I’ve always been attracted to the alchemy of marketing – the idea that you can transform the perceived value of something through visual and non-visual communication. The best marketing connects a product or an idea to a person via a shared value or ideal and elicits a response.

In my school years I dreamt of becoming a cartoonist before turning to Law, following the advice of a teacher who often suffered my elaborate courtroom-like excuses for why I hadn’t done my homework! 

2.     What are the biggest challenges currently facing your marketing team?

Caffè Nero is the largest independent coffee company in Europe. But despite our relative reach we operate in an environment of perfect competition where similar brands offer – in name only – the same product: coffee. Our forever-problem-to-solve is ‘how do we cut through’, ‘how do we change someone’s mind’. It’s an easy strategy If you want to be the biggest (all things being equal): spend the most and maximise your share of voice. But when your ambition is instead to be the best, then that’s much more difficult, the ambition is one that money alone can’t solve and requires a different set of tools and approach.

3.     Science vs Art: With scientific data-driven marketing at one end of the spectrum and genius creative ideas at the other - which side do you lean towards?

I’m a big believer in the proverb “trust but verify”. The genius idea will almost always arrive spontaneously, but you have to reflect on it. Give it some oxygen, share it with your team and start by saying: ‘this might be the most stupid idea you’ve ever heard, but….” This also signals vulnerability and trust to your team – it’s okay to have a stupid idea, it might turn out to be genius. 

Thinking of science and art in binary or partisan terms can be a perilous trap for marketeers. Humans don’t always behave in the linear, logical way economists would have us believe. Some of our most successful campaigns have been illogical and counterintuitive; doing only things that appear to be logical will keep you within the bounds of small incremental improvements. The basis of scientific theory is to disprove a hypothesis rather than prove one, so disprove your fantastical ideas rather than prove your sensible ones. If you want a career in sensible ideas, be an accountant.

4.     In marketing, when is it ok to rely on A.I. and when do you think you definitely ‘need a human’

A.I is an amazing feat of human ingenuity and engineering, and now has the momentum to move us from the age of information into an age of intelligence. 

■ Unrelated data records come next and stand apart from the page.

lemma turning_time_exists: "\<exists>T. 0 < T \<and> T \<le> - w * r^3 * energy 0 / l \<and> W T = 0"
proof -
  define T where "T = - w * r^3 * energy 0 / l"
  have "0 \<le> T"
    unfolding T_def using w_neg r_pos energy_pos[of 0] l_pos
    by (intro divide_nonneg_pos mult_nonneg_nonneg) auto
  then obtain T0 where "0 \<le> T0" "T0 \<le> T" "W T0 = 0"
    using IVT'[of W 0 0 T] W_0 w_neg W_nonneg_at_turning_time_bound
      continuous_on_subset[OF W_continuous_on, of "{0..T}"]
    by (auto simp: T_def)
  moreover have "T0 \<noteq> 0" using \<open>W T0 = 0\<close> W_0 w_neg by auto
  ultimately show ?thesis unfolding T_def by (intro exI[of _ T0]) auto
qed

lemma turning_radius_lower:
  assumes "0 \<le> T" "W T = 0"
  shows "r * sqrt (l / (r^2 * w^2 + l)) \<le> R T"
proof -
  have "0 < R T" using R_pos assms by simp
  have "0 < r^2 * w^2 + l" using l_pos by (simp add: add_nonneg_pos)
  have "l / (R T)^2 \<le> w^2 + l / r^2"
    using momentum_sq_le_initial[of T] assms by (simp add: momentum_sq_def R_0 W_0)
  then have "r^2 * l \<le> (R T)^2 * (r^2 * w^2 + l)"
    using \<open>0 < R T\<close> r_pos by (simp add: field_simps)
  moreover define q where "q = l / (r^2 * w^2 + l)"
  ultimately have "r^2 * q \<le> (R T)^2"
    using \<open>0 < r^2 * w^2 + l\<close> by (simp add: pos_divide_le_eq mult.commute)
  then have "sqrt (r^2 * q) \<le> R T"
    using \<open>0 < R T\<close> real_sqrt_le_mono by fastforce
  moreover have "r * sqrt q = sqrt (r^2 * q)"
    using r_pos by (simp add: real_sqrt_mult)
  ultimately show ?thesis unfolding q_def[symmetric] by simp
qed

lemma turning_radius_upper:
  assumes "0 \<le> T" "W T = 0"
  shows "R T \<le> r * sqrt (D / (r^2 * w^2 + D))"
proof -
  have "0 < r^2 * w^2 + D" using D_pos by (simp add: add_nonneg_pos)
  have "(w^2 + D / r^2) * (R T)^2 \<le> D"
    using radial_momentum_lower_bound[of T] assms by simp
  then have "(R T)^2 * (r^2 * w^2 + D) \<le> r^2 * D"
    using r_pos by (simp add: field_simps)
  moreover define q where "q = D / (r^2 * w^2 + D)"
  ultimately have "(R T)^2 \<le> r^2 * q"
    using \<open>0 < r^2 * w^2 + D\<close> by (simp add: pos_le_divide_eq)
  then have "R T \<le> sqrt (r^2 * q)"
    by (rule real_le_rsqrt)
  moreover have "r * sqrt q = sqrt (r^2 * q)"
    using r_pos by (simp add: real_sqrt_mult)
  ultimately show ?thesis unfolding q_def[symmetric] by simp
qed

lemma half_deriv_R_sq_le_comparison:
  assumes "0 \<le> s" "W s \<le> 0"
  defines "a \<equiv> \<bar>w\<bar> / energy 0" and "b \<equiv> D / (r^2 * (energy 0)^2)"
  assumes above: "(r - a * s)^2 + b * s^2 \<le> (R s)^2"
  shows "R s * (W s / energy s) \<le> b * s - a * (r - a * s)"
proof -
  define x where "x = R s * (W s / energy s)"
  define y where "y = b * s - a * (r - a * s)"
  define q where "q = (energy 0)^2"
  define c where "c = (w^2 + D / r^2) / q"
  have "0 < q" unfolding q_def using energy_pos[of 0] by simp
  have "0 \<le> c" unfolding c_def using \<open>0 < q\<close> D_pos by simp
  have "x \<le> 0"
    unfolding x_def using R_pos[of s] energy_pos[of s] assms
    by (simp add: mult_nonneg_nonpos divide_nonpos_pos)
  have "a^2 + b = c" "b * r^2 = D / q"
    unfolding a_def b_def c_def q_def using r_pos energy_pos[of 0]
    by (simp_all add: field_simps power2_abs)
  moreover have "y^2 = (a^2 + b) * ((r - a * s)^2 + b * s^2) - b * r^2"
    unfolding y_def by (simp add: algebra_simps power2_eq_square)
  ultimately have "y^2 = c * ((r - a * s)^2 + b * s^2) - D / q"
    by simp
  also have "c * ((r - a * s)^2 + b * s^2) - D / q \<le> c * (R s)^2 - D / q"
    using above \<open>0 \<le> c\<close> by (simp add: mult_left_mono)
  also have "\<dots> = ((w^2 + D / r^2) * (R s)^2 - D) / q"
    unfolding c_def by (simp add: diff_divide_distrib)
  also have "\<dots> \<le> (R s * W s)^2 / q"
    using radial_momentum_lower_bound[OF assms(1,2)] \<open>0 < q\<close> by (simp add: divide_right_mono)
  also have "\<dots> \<le> (R s * W s)^2 / (energy s)^2"
    unfolding q_def using energy_le_initial[OF assms(1,2)] energy_pos[of s]
    by (intro divide_left_mono power_mono mult_pos_pos) auto
  also have "\<dots> = x^2"
    unfolding x_def by (simp add: power_mult_distrib power_divide)
  finally have "\<bar>y\<bar> \<le> \<bar>x\<bar>" by (simp add: abs_le_square_iff)
  with \<open>x \<le> 0\<close> show ?thesis unfolding x_def[symmetric] y_def[symmetric] by linarith
qed

lemma R_sq_le_comparison:
  assumes "0 \<le> t" "W t \<le> 0"
  defines "a \<equiv> \<bar>w\<bar> / energy 0" and "b \<equiv> D / (r^2 * (energy 0)^2)"
  shows "(R t)^2 \<le> (r - a * t)^2 + b * t^2"
proof -
  define A where "A s = (r - a * s)^2 + b * s^2" for s
  have "(\<lambda>s. (R s)^2 - A s) t \<le> 0"
  proof (rule DERIV_barrier_nonpos[of 0 t "{0..}" "\<lambda>s. (R s)^2 - A s"])
    show "((\<lambda>s. (R s)^2 - A s) has_real_derivative
        2 * (R s * (W s / energy s)) - 2 * (b * s - a * (r - a * s))) (at s within {0..})"
      if "0 \<le> s" for s
      unfolding A_def using R_deriv[OF that]
      by (auto intro!: derivative_eq_intros simp: algebra_simps)
    show "2 * (R s * (W s / energy s)) - 2 * (b * s - a * (r - a * s)) \<le> 0"
      if "0 < s" "s < t" "0 < (R s)^2 - A s" for s
      using half_deriv_R_sq_le_comparison[of s] W_mono[of s t] that assms
      unfolding A_def a_def b_def by simp
  qed (use assms R_0 A_def in auto)
  then show ?thesis unfolding A_def by simp
qed

end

What are its limits in marketing? I think about this in similar terms to the art vs science question, the copy it generates, the image it creates is rooted in the past - something that’s come before. One of my music heroes, John Cage, would actively practice the process of forgetting what he knew before composing a single note of music, understanding that he’d never create anything new if he started with something old. If your inputs are rooted in human knowledge, rather than human experience, then I also wonder how it can be made unique, authentic, own-able, and relatable. All that said, it’s a game-changer as a productivity tool for marketing and almost every other profession.

5. How is your business 'Riding the Storm' of economic turbulence and increased cost of living?

Over the decades, good coffee shops and cafes have proved to be resilient during times of economic turbulence. Often consumers will reduce their spend on takeaways and eating out, but coffee is a little luxury without the luxury product cost, relative to its value in someone’s day. The trick if there is one is to try and de-commodify your product, remove its fungibility. Make it an experience and occasion for the customer with high quality personal service. I have no doubt that for the majority of our regular customers it’s the relationship they have with their barista that makes them return – more so than the coffee. That’s something you don’t want to lose.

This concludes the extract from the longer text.